Beschädigte und abgesenkte Fahrbahnränder, Schlaglöcher und enge Kurven: Der Zustand der Kreisstraße zwischen Affalterbach und Hochdorf wird schon lange bemängelt, jetzt will der Auto Club Europa (ACE) die Strecke als „schlechteste Straße Deutschlands“ nominieren. Nicht nur deshalb kommt nun wieder Bewegung in die Sache.
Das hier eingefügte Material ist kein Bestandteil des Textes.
(* Let $g\ge 2$ and let $\Lambda_1,\dots,\Lambda_g$ be lattices in $\mathbb{C}$ such that $\Lambda_1+\cdots+\Lambda_g$ is not discrete. Then there is $2\le j\le g$ such that $\Lambda_1+\Lambda_j$ is not discrete. Moreover, if $\Lambda_1+\cdots+\Lambda_g$ is dense in $\mathbb{C}$, then for such a $j$ there is $2\le k\le g$ such that $\Lambda_1+\Lambda_j+\Lambda_k$ is dense in $\mathbb{C}$.
   Context: A lattice in $\mathbb{C}$ is a discrete subgroup $\mathbb{Z}a+\mathbb{Z}b$ with $a,b$ linearly independent over $\mathbb{R}$. *)

theory Defs
  imports "HOL-Analysis.Analysis" "HOL-Library.Set_Algebras"
begin

text \<open>Sums of sets are Minkowski sums (set_plus from Set_Algebras); discreteness is the
  library notion discrete (every point isolated).\<close>

definition is_lattice :: "complex set \<Rightarrow> bool" where
  "is_lattice L \<longleftrightarrow> (\<exists>a b. (\<forall>r s :: real. r *\<^sub>R a + s *\<^sub>R b = 0 \<longrightarrow> r = 0 \<and> s = 0) \<and>
      L = {of_int m * a + of_int n * b | m n :: int. True})"

end

theory Submission
  imports Defs
begin

text \<open>If every \<open>\<Lambda>\<^sub>1 + \<Lambda>\<^sub>j\<close> is discrete, then \<open>\<Lambda>\<^sub>1\<close> is cocompact in the discrete group
  \<open>\<Lambda>\<^sub>1 + \<Lambda>\<^sub>j\<close>, so by pigeonhole some positive multiple of each generator of \<open>\<Lambda>\<^sub>j\<close> lies in
  \<open>\<Lambda>\<^sub>1\<close>; hence \<open>N (\<Lambda>\<^sub>1 + \<dots> + \<Lambda>\<^sub>g) \<subseteq> \<Lambda>\<^sub>1\<close> for some \<open>N > 0\<close>, and the sum is discrete.

  If \<open>H = \<Lambda>\<^sub>1 + \<Lambda>\<^sub>j\<close> is not discrete, its closure contains a line \<open>\<real>d\<close>, and any subgroup
  containing \<open>H\<close> is dense as soon as its projection onto the direction orthogonal to \<open>d\<close>
  is not discrete. If these projections were discrete for all \<open>H + \<Lambda>\<^sub>k\<close>, the same pigeonhole
  argument, applied to the projections, would place the projection of
  \<open>N (\<Lambda>\<^sub>1 + \<dots> + \<Lambda>\<^sub>g)\<close> in a cyclic group, so the sum could not be dense.\<close>

definition add_subgroup :: "'a::ab_group_add set \<Rightarrow> bool" where
  "add_subgroup G \<longleftrightarrow> 0 \<in> G \<and> (\<forall>x\<in>G. \<forall>y\<in>G. x - y \<in> G)"

lemma add_subgroup_0: "add_subgroup G \<Longrightarrow> 0 \<in> G"
  by (simp add: add_subgroup_def)

lemma add_subgroup_diff: "add_subgroup G \<Longrightarrow> x \<in> G \<Longrightarrow> y \<in> G \<Longrightarrow> x - y \<in> G"
  by (simp add: add_subgroup_def)

lemma add_subgroup_uminus: "add_subgroup G \<Longrightarrow> x \<in> G \<Longrightarrow> - x \<in> G"
  by (metis add_subgroup_0 add_subgroup_diff diff_0)

lemma add_subgroup_add: "add_subgroup G \<Longrightarrow> x \<in> G \<Longrightarrow> y \<in> G \<Longrightarrow> x + y \<in> G"
  by (metis add_subgroup_diff add_subgroup_uminus diff_minus_eq_add)

lemma add_subgroup_of_nat_mult:
  "add_subgroup G \<Longrightarrow> x \<in> G \<Longrightarrow> of_nat n * (x :: 'a::ring_1) \<in> G"
  by (induction n) (auto simp: add_subgroup_0 add_subgroup_add algebra_simps)

lemma add_subgroup_of_int_mult:
  assumes "add_subgroup G" "x \<in> G"
  shows "of_int m * (x :: 'a::ring_1) \<in> G"
proof (cases "m \<ge> 0")
  case True
  then show ?thesis using add_subgroup_of_nat_mult[OF assms, of "nat m"] by simp
next
  case False
  then have "of_int m * x = - (of_nat (nat (- m)) * x)" by simp
  then show ?thesis using assms add_subgroup_of_nat_mult add_subgroup_uminus by metis
qed

lemma add_subgroup_scaleR_of_int:
  assumes "add_subgroup G" "x \<in> G"
  shows "real_of_int m *\<^sub>R (x :: 'a::real_vector) \<in> G"
proof -
  have nat: "real n *\<^sub>R x \<in> G" for n
    by (induction n) (auto simp: assms add_subgroup_0 add_subgroup_add scaleR_left_distrib)
  show ?thesis
  proof (cases "m \<ge> 0")
    case True
    then show ?thesis using nat[of "nat m"] by simp
  next
    case False
    then have "real_of_int m *\<^sub>R x = - (real (nat (- m)) *\<^sub>R x)" by simp
    then show ?thesis using nat add_subgroup_uminus[OF assms(1)] by metis
  qed
qed

lemma add_subgroup_set_plus: "add_subgroup A \<Longrightarrow> add_subgroup B \<Longrightarrow> add_subgroup (A + B)"
  unfolding add_subgroup_def set_plus_def
  by (auto; metis add_0 add_diff_add)

lemma add_subgroup_set_sum:
  "finite I \<Longrightarrow> (\<And>i. i \<in> I \<Longrightarrow> add_subgroup (A i)) \<Longrightarrow> add_subgroup (sum A I)"
proof (induction I rule: finite_induct)
  case empty
  show ?case by (simp add: add_subgroup_def)
next
  case (insert i I)
  then show ?case by (simp add: add_subgroup_set_plus)
qed

lemma subset_set_plus_right: "0 \<in> B \<Longrightarrow> A \<subseteq> A + (B :: 'a::comm_monoid_add set)"
  using set_zero_plus2 by (metis add.commute)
Der ohnehin schon beklagenswerte Zustand der Straße, so der ACE, habe sich im vergangenen Winter noch dramatisch verschlechtert. An zahlreichen Stellen hätten sich die Frostschäden zu kapitalen Schlaglöchern ausgeweitet, was zu einem unvertretbaren Risiko bei der Verkehrssicherheit führe. Die vom Kreis derzeit vorgenommenen Flickarbeiten könnten, so der ACE-Schlaglochexperte Harald Kraus, am generell problematischen Zustand der Straße nichts ändern. Das bestätigt auch ein Sprecher des Landratsamtes: „Das sind nur Erste-Hilfe-Maßnahmen.“ Auch das Regenwasser fließe nicht mehr ab.
Die Straße wird nicht zum ersten Mal bemängelt: Zahlreiche enge Kurven, unübersichtliche Kuppen und ausgefahrene Bankette machen sie gefährlich. Anfang des Jahres 2007 beendeten das Landratsamt, das für die Kreisstraße zuständig ist, und die beteiligten Kommunen Affalterbach und Remseck langjährige Diskussionen. Die beiden Kommunen wollten zwar eine sanierte und ausgebaute Straße, träumten gar von einem Busverkehr in Richtung Stadtbahn-Station Remseck, beharrten aber darauf, dass das Lastwagenverbot bestehen bleibt. Sie befürchteten geschätzte 4500 Fahrzeuge mehr samt Lastwagen.
Das Landratsamt beharrte dagegen auf den Vorschriften: Wenn die Straße verbreitert werde, müsse auch der Schwerverkehr rollen. „Da gibt es klare Vorschriften, und es müssen schwerwiegende Gründe vorliegen“, bestätigt der Sprecher des Landratsamtes. Die rund 2,3 Millionen Euro, die für das Projekt bereitgestanden hatten, wurden also für andere Straßen verwendet, die Straße rutschte in der Prioritätenliste weit nach hinten.